Medyadaki duyarsızlık 

O felaket günlerinde Hocalı’ya ilk giden gazetecilerden İrfan Sapmaz’ın bu fotoğrafı, Hürriyet’te yayımlanmıştı. Katliamdan üç gün sonra ulaştığı Hocalı’da karşılaştığı dehşetin etkisi, Sapmaz’ın notlarında hissediliyordu. Yakınları korkunç bir vahşete kurban gitmiş insanların tanıklığının yakıcılığını ilk duyuranlardan olmuştu böylece. “Bu vahşeti görün, bu feryadı duyun” diyordu ulaştığı her tanık. Yüzlerinde yaşadıkları dehşetin izleri duran her yaştan insan… En çok da kadınlar ve yüzlerindeki acı ifade… İşte o acıya kesmiş yüzlerin içinde, kendisini kurtaran bir askerin kucağında pembe tulumuyla şaşkınca bakan o kız bebek, onca zalimliğin karşısında masumiyetin bir nişanesi gibiydi. O bebeğin akıbetini hep merak ettim. O ve nice akranının kaybettiklerinin acısını paylaşamamanın, öfkeye kestiği hayatlara tekabül ettiğini, bugünkü tanıklıklardan öğreniyoruz ne yazık ki. 

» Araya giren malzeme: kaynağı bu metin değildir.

(* Let $A$ and $B$ be C$^*$-algebras, where $A$ is unital with unit $1$. Let $T:A\to B$ be a linear map which is a $^*$-homomorphism at $1$. Then $T$ is a Jordan $^*$-homomorphism.
   Context: A map $T:A\to B$ between C$^*$-algebras is a $^*$-homomorphism at $z\in A$ if for all $a,b\in A$ with $ab^*=z$ one has $T(ab^* )=T(a)T(b)^*=T(z)$, and for all $c,d\in A$ with $c^*d=z$ one has $T(c^*d)=T(c)^*T(d)=T(z)$. A Jordan $^*$-homomorphism is a linear map $T$ with $T(a\circ b)=T(a)\circ T(b)$ for all $a,b$, where $a\circ b=\frac12(ab+ba)$, and $T(x^* )=T(x)^*$ for all $x$. *)

theory Defs
  imports "HOL-Analysis.Analysis"
begin

text \<open>A C*-algebra is modelled on a type 'a that is a (real) Banach algebra,
 together with an explicit complex scalar multiplication sc (extending the real
 one) and an involution st satisfying the C*-identity.\<close>

definition cstar_algebra ::
  "(complex \<Rightarrow> 'a::{real_normed_algebra,banach} \<Rightarrow> 'a) \<Rightarrow> ('a \<Rightarrow> 'a) \<Rightarrow> bool" where
  "cstar_algebra sc st \<longleftrightarrow>
     (\<forall>r x. sc (complex_of_real r) x = r *\<^sub>R x) \<and>
     (\<forall>a x y. sc a (x + y) = sc a x + sc a y) \<and>
     (\<forall>a b x. sc (a + b) x = sc a x + sc b x) \<and>
     (\<forall>a b x. sc (a * b) x = sc a (sc b x)) \<and>
     (\<forall>a x y. sc a (x * y) = sc a x * y) \<and>
     (\<forall>a x y. sc a (x * y) = x * sc a y) \<and>
     (\<forall>a x. norm (sc a x) = cmod a * norm x) \<and>
     (\<forall>x y. st (x + y) = st x + st y) \<and>
     (\<forall>a x. st (sc a x) = sc (cnj a) (st x)) \<and>
     (\<forall>x y. st (x * y) = st y * st x) \<and>
     (\<forall>x. st (st x) = x) \<and>
     (\<forall>x. norm (st x * x) = (norm x)\<^sup>2)"

definition clinear_map ::
  "(complex \<Rightarrow> 'a \<Rightarrow> 'a) \<Rightarrow> (complex \<Rightarrow> 'b \<Rightarrow> 'b) \<Rightarrow> ('a::plus \<Rightarrow> 'b::plus) \<Rightarrow> bool" where
  "clinear_map scA scB T \<longleftrightarrow>
     (\<forall>x y. T (x + y) = T x + T y) \<and> (\<forall>a x. T (scA a x) = scB a (T x))"

definition star_hom_at ::
  "('a \<Rightarrow> 'a) \<Rightarrow> ('b \<Rightarrow> 'b) \<Rightarrow> ('a::times \<Rightarrow> 'b::times) \<Rightarrow> 'a \<Rightarrow> bool" where
  "star_hom_at stA stB T z \<longleftrightarrow>
     (\<forall>a b. a * stA b = z \<longrightarrow> T (a * stA b) = T a * stB (T b) \<and> T a * stB (T b) = T z) \<and>
     (\<forall>c d. stA c * d = z \<longrightarrow> T (stA c * d) = stB (T c) * T d \<and> stB (T c) * T d = T z)"

definition jordan_prod :: "'a::{times,plus,scaleR} \<Rightarrow> 'a \<Rightarrow> 'a" where
  "jordan_prod a b = (1/2::real) *\<^sub>R (a * b + b * a)"

definition jordan_star_hom ::
  "(complex \<Rightarrow> 'a \<Rightarrow> 'a) \<Rightarrow> ('a \<Rightarrow> 'a) \<Rightarrow> (complex \<Rightarrow> 'b \<Rightarrow> 'b) \<Rightarrow> ('b \<Rightarrow> 'b)
   \<Rightarrow> ('a::{times,plus,scaleR} \<Rightarrow> 'b::{times,plus,scaleR}) \<Rightarrow> bool" where
  "jordan_star_hom scA stA scB stB T \<longleftrightarrow>
     clinear_map scA scB T \<and>
     (\<forall>a b. T (jordan_prod a b) = jordan_prod (T a) (T b)) \<and>
     (\<forall>x. T (stA x) = stB (T x))"

end

theory Submission
  imports Defs "HOL-Computational_Algebra.Formal_Power_Series"
begin

text \<open>
  Let \<open>p = T 1\<close>. The hypothesis says that \<open>T a \<cdot> (T b)\<^sup>* = p\<close> whenever \<open>a b\<^sup>* = 1\<close>, and dually.
  For a unitary \<open>u\<close> this makes \<open>T u\<close> a partial isometry with initial and final projection \<open>p\<close>,
  so \<open>T u\<close> lies in the corner \<open>p B p\<close> and has norm at most 1. Since every self-adjoint
  element of norm less than 1 is the mean of a unitary and its adjoint
  (\<open>u = h + i \<surd>(1 - h\<^sup>2)\<close>), the map \<open>T\<close> is bounded and takes values in \<open>p B p\<close>.

  Now write \<open>S x = T(x\<^sup>*)\<^sup>*\<close> and apply the hypothesis to \<open>a = 1 - t x\<close>, \<open>b = ((1 - t x)\<^sup>-\<^sup>1)\<^sup>*\<close>.
  Expanding the Neumann series of \<open>(1 - t x)\<^sup>-\<^sup>1\<close> gives
  \<open>t (S x - T x) + t\<^sup>2 (S (x\<^sup>2) - T x \<cdot> S x) = O(t\<^sup>3)\<close> as \<open>t \<rightarrow> 0\<close>,
  so both coefficients vanish. Hence \<open>T\<close> commutes with the involution and preserves squares,
  and polarisation yields the Jordan identity.
\<close>

lemma norm_power_le_of_norm_one_le:
  fixes y :: "'a::{real_normed_algebra,ring_1}"
  assumes "norm (1::'a) \<le> 1"
  shows "norm (y ^ n) \<le> norm y ^ n"
proof (induction n)
  case (Suc n)
  have "norm (y ^ Suc n) \<le> norm y * norm (y ^ n)" by (simp add: norm_mult_ineq)
  also have "\<dots> \<le> norm y * norm y ^ n" by (simp add: Suc mult_left_mono)
  finally show ?case by simp
qed (simp add: assms)

lemma
  fixes y :: "'a::{real_normed_algebra,ring_1,banach}"
  assumes one: "norm (1::'a) \<le> 1" and y: "norm y < 1"
  shows geometric_series_right_inverse: "(1 - y) * (\<Sum>n. y ^ n) = 1"
    and norm_geometric_series_le: "norm (\<Sum>n. y ^ n) \<le> 1 / (1 - norm y)"
proof -
  note power_le = norm_power_le_of_norm_one_le[OF one]
  have geometric: "summable (\<lambda>n. norm y ^ n)" using y by (simp add: summable_geometric)
  have norms: "summable (\<lambda>n. norm (y ^ n))"
    by (rule summable_comparison_test[OF _ geometric]) (auto intro: power_le)
  have "(\<lambda>n. y ^ n) \<longlonglongrightarrow> 0"
    by (rule Lim_null_comparison[OF _ LIMSEQ_power_zero[of "norm y"]])
      (use y power_le in \<open>auto intro!: always_eventually\<close>)
  from telescope_sums'[OF this] have "(\<lambda>n. (1 - y) * y ^ n) sums 1"
    by (simp add: left_diff_distrib)
  moreover have "(\<lambda>n. (1 - y) * y ^ n) sums ((1 - y) * (\<Sum>n. y ^ n))"
    using summable_norm_cancel[OF norms] by (intro sums_mult summable_sums)
  ultimately show "(1 - y) * (\<Sum>n. y ^ n) = 1" by (rule sums_unique2[symmetric])
  have "norm (\<Sum>n. y ^ n) \<le> (\<Sum>n. norm (y ^ n))" using norms by (rule summable_norm)
  also have "\<dots> \<le> (\<Sum>n. norm y ^ n)" using norms geometric by (intro suminf_le power_le)
  also have "\<dots> = 1 / (1 - norm y)" using y by (simp add: suminf_geometric)
  finally show "norm (\<Sum>n. y ^ n) \<le> 1 / (1 - norm y)" .
qed

text \<open>The Taylor coefficients of \<open>\<surd>(1 - z) = (1 - z) powr (1/2)\<close>.\<close>
definition sqrt_coeff :: "nat \<Rightarrow> real" where
  "sqrt_coeff n = (-1) ^ n * ((1/2) gchoose n)"

definition sqrt_one_minus :: "'a::{real_normed_algebra,ring_1} \<Rightarrow> 'a" where
  "sqrt_one_minus y = (\<Sum>n. sqrt_coeff n *\<^sub>R y ^ n)"

lemma abs_gbinomial_half_le: "\<bar>(1/2::real) gchoose n\<bar> \<le> 1"
proof (induction n)
  case (Suc k)
  have "real (Suc k) * ((1/2::real) gchoose Suc k) = (1/2 - real k) * ((1/2) gchoose k)"
    using gbinomial_absorption[of k "1/2::real"] gbinomial_absorb_comp[of "1/2::real" k] by simp
  then have "real (Suc k) * \<bar>(1/2::real) gchoose Suc k\<bar> = \<bar>1/2 - real k\<bar> * \<bar>(1/2) gchoose k\<bar>"
    by (metis abs_mult abs_of_nat)
  also have "\<dots> \<le> real (Suc k) * 1" using Suc by (intro mult_mono) auto
  finally show ?case by (simp del: of_nat_Suc)
qed simp

lemma abs_sqrt_coeff_le: "\<bar>sqrt_coeff n\<bar> \<le> 1"
  by (simp add: sqrt_coeff_def abs_mult abs_gbinomial_half_le)

lemma sqrt_coeff_convolution:
  "(\<Sum>i\<le>k. sqrt_coeff i * sqrt_coeff (k - i)) = (if k = 0 then 1 else if k = 1 then -1 else 0)"
proof -
  have "(\<Sum>i\<le>k. sqrt_coeff i * sqrt_coeff (k - i))
      = (\<Sum>i\<in>{0..k}. (-1) ^ k * (((1/2::real) gchoose i) * ((1/2) gchoose (k - i))))"
    unfolding atLeast0AtMost[symmetric] sqrt_coeff_def
    by (intro sum.cong refl) (simp add: power_add[symmetric] mult_ac)
  also have "\<dots> = (-1) ^ k * ((1/2 + 1/2::real) gchoose k)"
    by (simp only: sum_distrib_left[symmetric] gbinomial_Vandermonde)
  also have "\<dots> = (-1) ^ k * real (1 choose k)"
    by (metis binomial_gbinomial of_nat_1 field_sum_of_halves)
  finally show ?thesis by (cases k) (auto simp: binomial_eq_0)
qed

lemma
  fixes y :: "'a::{real_normed_algebra,ring_1,banach}"
  assumes one: "norm (1::'a) \<le> 1" and y: "norm y < 1"
  shows summable_norm_sqrt_one_minus: "summable (\<lambda>n. norm (sqrt_coeff n *\<^sub>R y ^ n))"
    and sqrt_one_minus_square: "sqrt_one_minus y * sqrt_one_minus y = 1 - y"
proof -
  define a where "a n = sqrt_coeff n *\<^sub>R y ^ n" for n
  have "norm (a n) \<le> norm y ^ n" for n
  proof -
    have "norm (a n) = \<bar>sqrt_coeff n\<bar> * norm (y ^ n)" by (simp add: a_def)
    also have "\<dots> \<le> 1 * norm y ^ n"
      using abs_sqrt_coeff_le norm_power_le_of_norm_one_le[OF one] by (intro mult_mono) auto
    finally show ?thesis by simp
  qed
  then show norms: "summable (\<lambda>n. norm (sqrt_coeff n *\<^sub>R y ^ n))"
    unfolding a_def[symmetric] using y
    by (intro summable_comparison_test[OF _ summable_geometric[of "norm y"]]) auto
  have "(\<Sum>i\<le>n. a i * a (n - i)) = (if n = 0 then 1 else if n = 1 then - y else 0)" for n
  proof -
    have "(\<Sum>i\<le>n. a i * a (n - i)) = (\<Sum>i\<le>n. sqrt_coeff i * sqrt_coeff (n - i)) *\<^sub>R y ^ n"
      unfolding scaleR_sum_left
      by (intro sum.cong refl) (auto simp: a_def power_add[symmetric])
    then show ?thesis by (simp add: sqrt_coeff_convolution)
  qed
  then have "(\<lambda>n. if n = 0 then 1 else if n = 1 then - y else 0) sums (sqrt_one_minus y * sqrt_one_minus y)"
    using Cauchy_product_sums[OF norms norms] by (simp add: a_def sqrt_one_minus_def)
  moreover have "(\<lambda>n. if n = 0 then 1 else if n = 1 then - y else 0) sums (1 - y)"
    using sums_finite[of "{0, 1}" "\<lambda>n. if n = 0 then 1 else if n = 1 then - y else 0"] by simp
  ultimately show "sqrt_one_minus y * sqrt_one_minus y = 1 - y" by (rule sums_unique2)
qed

lemma sqrt_one_minus_commute:
  fixes y :: "'a::{real_normed_algebra,ring_1,banach}"
  assumes "norm (1::'a) \<le> 1" "norm y < 1" and comm: "h * y = y * h"
  shows "h * sqrt_one_minus y = sqrt_one_minus y * h"
proof -
  have summable: "summable (\<lambda>n. sqrt_coeff n *\<^sub>R y ^ n)"
    using summable_norm_sqrt_one_minus[OF assms(1,2)] by (rule summable_norm_cancel)
  have "h * y ^ n = y ^ n * h" for n
    using power_commuting_commutes[OF comm[symmetric]] by simp
  then have commutes: "h * (sqrt_coeff n *\<^sub>R y ^ n) = (sqrt_coeff n *\<^sub>R y ^ n) * h" for n
    by simp
  show ?thesis
    unfolding sqrt_one_minus_def
    by (simp only: suminf_mult[OF summable, symmetric] suminf_mult2[OF summable] commutes)
qed

locale cstar =
  fixes sc :: "complex \<Rightarrow> 'a::{real_normed_algebra,banach} \<Rightarrow> 'a" and st :: "'a \<Rightarrow> 'a"
  assumes cstar_algebra: "cstar_algebra sc st"
begin

lemma sc_of_real: "sc (complex_of_real r) x = r *\<^sub>R x"
  and sc_add_right: "sc a (x + y) = sc a x + sc a y"
  and sc_add_left: "sc (a + b) x = sc a x + sc b x"
  and sc_sc: "sc (a * b) x = sc a (sc b x)"
  and sc_mult_left: "sc a (x * y) = sc a x * y"
  and sc_mult_right: "sc a (x * y) = x * sc a y"
  and norm_sc: "norm (sc a x) = cmod a * norm x"
  and st_add: "st (x + y) = st x + st y"
  and st_sc: "st (sc a x) = sc (cnj a) (st x)"
  and st_mult: "st (x * y) = st y * st x"
  and st_st [simp]: "st (st x) = x"
  and norm_st_mult_self: "norm (st x * x) = (norm x)\<^sup>2"
  using cstar_algebra unfolding cstar_algebra_def by fast+

lemma sc_one [simp]: "sc 1 x = x"
  using sc_of_real[of 1 x] by simp

lemma sc_zero [simp]: "sc 0 x = 0"
  using sc_of_real[of 0 x] by simp

lemma sc_minus_left: "sc (- a) x = - sc a x"
  using sc_add_left[of "- a" a x] by (simp add: eq_neg_iff_add_eq_0)

lemma sc_diff_right: "sc a (x - y) = sc a x - sc a y"
  by (metis sc_add_right eq_diff_eq)

lemma sc_scaleR: "sc a (r *\<^sub>R x) = r *\<^sub>R sc a x"
  by (metis sc_of_real sc_sc mult.commute)

lemma st_scaleR: "st (r *\<^sub>R x) = r *\<^sub>R st x"
  using st_sc[of "complex_of_real r" x] by (simp add: sc_of_real)

lemma st_zero [simp]: "st 0 = 0"
  using st_scaleR[of 0 0] by simp

lemma st_diff: "st (x - y) = st x - st y"
  using st_add[of "x - y" y] by simp

lemma st_eq_zero_iff [simp]: "st x = 0 \<longleftrightarrow> x = 0"
  by (metis st_st st_zero)
lemma bisimplicial_feq_vertical_faces:
  assumes S: "bisimplicial B dh sh ve vt"
    and faces: "\<And>i j k. k \<le> Suc i \<Longrightarrow> feq (B (Suc i) j) (ve' (Suc i) j k) (ve (Suc i) j k)"
  shows "bisimplicial B dh sh ve' vt"
proof -
  have rows: "\<And>i. simplicial (B i) (dh i) (sh i)"
    and columns: "\<And>j. simplicial (column B j) (column_maps ve j) (column_maps vt j)"
    and ve_dh: "\<And>i j k l. k \<le> Suc i \<and> l \<le> Suc j \<Longrightarrow>
        feq (B (Suc i) (Suc j)) (fcomp (ve (Suc i) j k) (dh (Suc i) (Suc j) l))
                                (fcomp (dh i (Suc j) l) (ve (Suc i) (Suc j) k))"
    and ve_sh: "\<And>i j k l. k \<le> Suc i \<and> l \<le> j \<Longrightarrow>
        feq (B (Suc i) j) (fcomp (ve (Suc i) (Suc j) k) (sh (Suc i) j l))
                          (fcomp (sh i j l) (ve (Suc i) j k))"
    and vt_rest: "\<forall>i j k l. k \<le> i \<and> l \<le> Suc j \<longrightarrow>
        feq (B i (Suc j)) (fcomp (vt i j k) (dh i (Suc j) l))
                          (fcomp (dh (Suc i) (Suc j) l) (vt i (Suc j) k))"
       "\<forall>i j k l. k \<le> i \<and> l \<le> j \<longrightarrow>
        feq (B i j) (fcomp (vt i (Suc j) k) (sh i j l))
                    (fcomp (sh (Suc i) j l) (vt i j k))"
    using S unfolding bisimplicial_def by simp_all
  have Fdh: "\<And>i j l. l \<le> Suc j \<Longrightarrow> is_functor (B i (Suc j)) (B i j) (dh i (Suc j) l)"
    and Fsh: "\<And>i j l. l \<le> j \<Longrightarrow> is_functor (B i j) (B i (Suc j)) (sh i j l)"
    using rows unfolding simplicial_def by simp_all
  have Fve: "\<And>i j k. k \<le> Suc i \<Longrightarrow> is_functor (B (Suc i) j) (B i j) (ve (Suc i) j k)"
    using columns unfolding simplicial_def column_def column_maps_def by simp
  have faces': "k \<le> Suc i \<Longrightarrow> feq (B (Suc i) j) (ve (Suc i) j k) (ve' (Suc i) j k)" for i j k
    using faces by (rule feq_sym)
  have "simplicial (column B j) (column_maps ve' j) (column_maps vt j)" for j
    by (rule simplicial_feq_faces[OF columns]) (simp add: column_def column_maps_def faces)
  moreover have "feq (B (Suc i) (Suc j)) (fcomp (ve' (Suc i) j k) (dh (Suc i) (Suc j) l))
                                         (fcomp (dh i (Suc j) l) (ve' (Suc i) (Suc j) k))"
    if a: "k \<le> Suc i \<and> l \<le> Suc j" for i j k l
    by (rule feq_fcomp_transfer[OF ve_dh[OF a], where H="B (Suc i) j" and H'="B i (Suc j)"])
      (use a in \<open>simp_all add: Fdh Fve faces'\<close>)
  moreover have "feq (B (Suc i) j) (fcomp (ve' (Suc i) (Suc j) k) (sh (Suc i) j l))
                                   (fcomp (sh i j l) (ve' (Suc i) j k))"
    if a: "k \<le> Suc i \<and> l \<le> j" for i j k l
    by (rule feq_fcomp_transfer[OF ve_sh[OF a], where H="B (Suc i) (Suc j)" and H'="B i j"])
      (use a in \<open>simp_all add: Fsh Fve faces'\<close>)
  ultimately show ?thesis
    unfolding bisimplicial_def using rows vt_rest by blast
qed

lemma simplicial_map_iff_but_top:
  "simplicial_map X dX sX Y dY sY g \<longleftrightarrow>
     simplicial_map_but_top X dX sX Y dY sY g \<and>
     (\<forall>n. feq (X (Suc n)) (fcomp (dY (Suc n) (Suc n)) (g (Suc n))) (fcomp (g n) (dX (Suc n) (Suc n))))"
  unfolding simplicial_map_def simplicial_map_but_top_def by (auto simp: le_Suc_eq)

lemma tilde_ve_idem: "tilde_ve dh f (tilde_ve dh f ve) = tilde_ve dh f ve"
  by (simp add: tilde_ve_def fun_eq_iff)

lemma tilde_ve_feq_ve:
  assumes "perfect_abacus_map B dh sh ve vt f" "k \<le> Suc i"
  shows "feq (B (Suc i) j) (tilde_ve dh f ve (Suc i) j k) (ve (Suc i) j k)"
proof (cases "k = Suc i")
  case True
  have "feq (B (Suc i) j) (ve (Suc i) j (Suc i)) (fcomp (dh i (Suc j) 0) (f i j))"
    using assms(1) unfolding perfect_abacus_map_def by blast
  then have "feq (B (Suc i) j) (fcomp (dh i (Suc j) 0) (f i j)) (ve (Suc i) j (Suc i))"
    by (rule feq_sym)
  with True show ?thesis
    by (simp add: tilde_ve_def)
qed (simp add: tilde_ve_def)

lemma perfect_abacus_map_column_simplicial:
  assumes "perfect_abacus_map B dh sh ve vt f"
  shows "simplicial_map
           (dec_obj (column B j)) (dec_top_maps (column_maps (tilde_ve dh f ve) j))
           (dec_top_maps (column_maps vt j))
           (column B (Suc j)) (column_maps (tilde_ve dh f ve) (Suc j)) (column_maps vt (Suc j))
           (\<lambda>i. f i j)"
proof -
  have "simplicial_map_but_top
           (dec_obj (column B j)) (dec_top_maps (column_maps ve j)) (dec_top_maps (column_maps vt j))
           (column B (Suc j)) (column_maps ve (Suc j)) (column_maps vt (Suc j)) (\<lambda>i. f i j)"
    using assms unfolding perfect_abacus_map_def abacus_map_def by blast
  then have but_top: "simplicial_map_but_top
           (dec_obj (column B j)) (dec_top_maps (column_maps (tilde_ve dh f ve) j))
           (dec_top_maps (column_maps vt j))
           (column B (Suc j)) (column_maps (tilde_ve dh f ve) (Suc j)) (column_maps vt (Suc j))
           (\<lambda>i. f i j)"
    by (simp add: simplicial_map_but_top_def dec_top_maps_def column_maps_def tilde_ve_def)
  have perfect_top: "feq (B (Suc (Suc n)) j) (fcomp (f n j) (ve (Suc (Suc n)) j (Suc n)))
          (fcomp (dh n (Suc (Suc j)) 0) (fcomp (f n (Suc j)) (f (Suc n) j)))" for n
    using assms unfolding perfect_abacus_map_def by blast
  have top: "feq (B (Suc (Suc n)) j)
          (fcomp (tilde_ve dh f ve (Suc n) (Suc j) (Suc n)) (f (Suc n) j))
          (fcomp (f n j) (tilde_ve dh f ve (Suc (Suc n)) j (Suc n)))" for n
    using feq_sym[OF perfect_top] by (simp add: tilde_ve_def fcomp_assoc)
  show ?thesis
    unfolding simplicial_map_iff_but_top
    using but_top top unfolding dec_obj_def dec_top_maps_def column_def column_maps_def by blast
qed

theorem proposition2p2:
  fixes B :: "nat \<Rightarrow> nat \<Rightarrow> ('o, 'm) grpd"
    and dh sh ve vt :: "nat \<Rightarrow> nat \<Rightarrow> nat \<Rightarrow> ('o, 'm) gfun"
    and f :: "nat \<Rightarrow> nat \<Rightarrow> ('o, 'm) gfun"
  assumes "bisimplicial B dh sh ve vt"
    and "perfect_abacus_map B dh sh ve vt f"
  shows "bisimplicial B dh sh (tilde_ve dh f ve) vt
     \<and> (\<forall>j. simplicial_map
            (dec_obj (column B j)) (dec_top_maps (column_maps (tilde_ve dh f ve) j))
            (dec_top_maps (column_maps vt j))
            (column B (Suc j)) (column_maps (tilde_ve dh f ve) (Suc j)) (column_maps vt (Suc j))
            (\<lambda>i. f i j))
     \<and> tilde_ve dh f (tilde_ve dh f ve) = tilde_ve dh f ve"
proof -
  have "bisimplicial B dh sh (tilde_ve dh f ve) vt"
    by (rule bisimplicial_feq_vertical_faces[OF assms(1)]) (rule tilde_ve_feq_ve[OF assms(2)])
  moreover have "simplicial_map
            (dec_obj (column B j)) (dec_top_maps (column_maps (tilde_ve dh f ve) j))
            (dec_top_maps (column_maps vt j))
            (column B (Suc j)) (column_maps (tilde_ve dh f ve) (Suc j)) (column_maps vt (Suc j))
            (\<lambda>i. f i j)" for j
    using assms(2) by (rule perfect_abacus_map_column_simplicial)
  ultimately show ?thesis
    by (simp add: tilde_ve_idem)
qed

end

Türk gazetelerinde bile ancak 2-3 gün sonra yer alan katliamı, Batı basını uzun süre görmemişti. O yıllarda özellikle güneydoğuda yaşananlarla, basına yansıyanlar arasındaki derin uçurumun sarsıntılarını yaşayan biri olarak, yok sayılmanın inciticiliğini iyi bildiğimdendi bu ayrıntıya dikkat kesilişim. Dünya ise bu katliamı ancak bir hafta sonra görebildi. Reuters gibi ajanslar, katliam haberlerine ve fotoğraflarına 4 Mart’tan sonra yer verebildi. Dünyanın ünlü gazetelerinin temsilcileri, gittikleri Hocalı’da, olayın üzerinden neredeyse bir hafta geçmesine rağmen, etraftaki cesetlere, kamyonlardaki kafataslarına, vahşice öldürülmüş yakınlarını bulan Azerilerin insanı sarsan çığlıklarına daha fazla dayanamadı. O günlerde 300 kadın ve çocuğun kaçırıldığı ve akibetlerinin henüz bilinmediği yolunda haberler de yer alıyordu. 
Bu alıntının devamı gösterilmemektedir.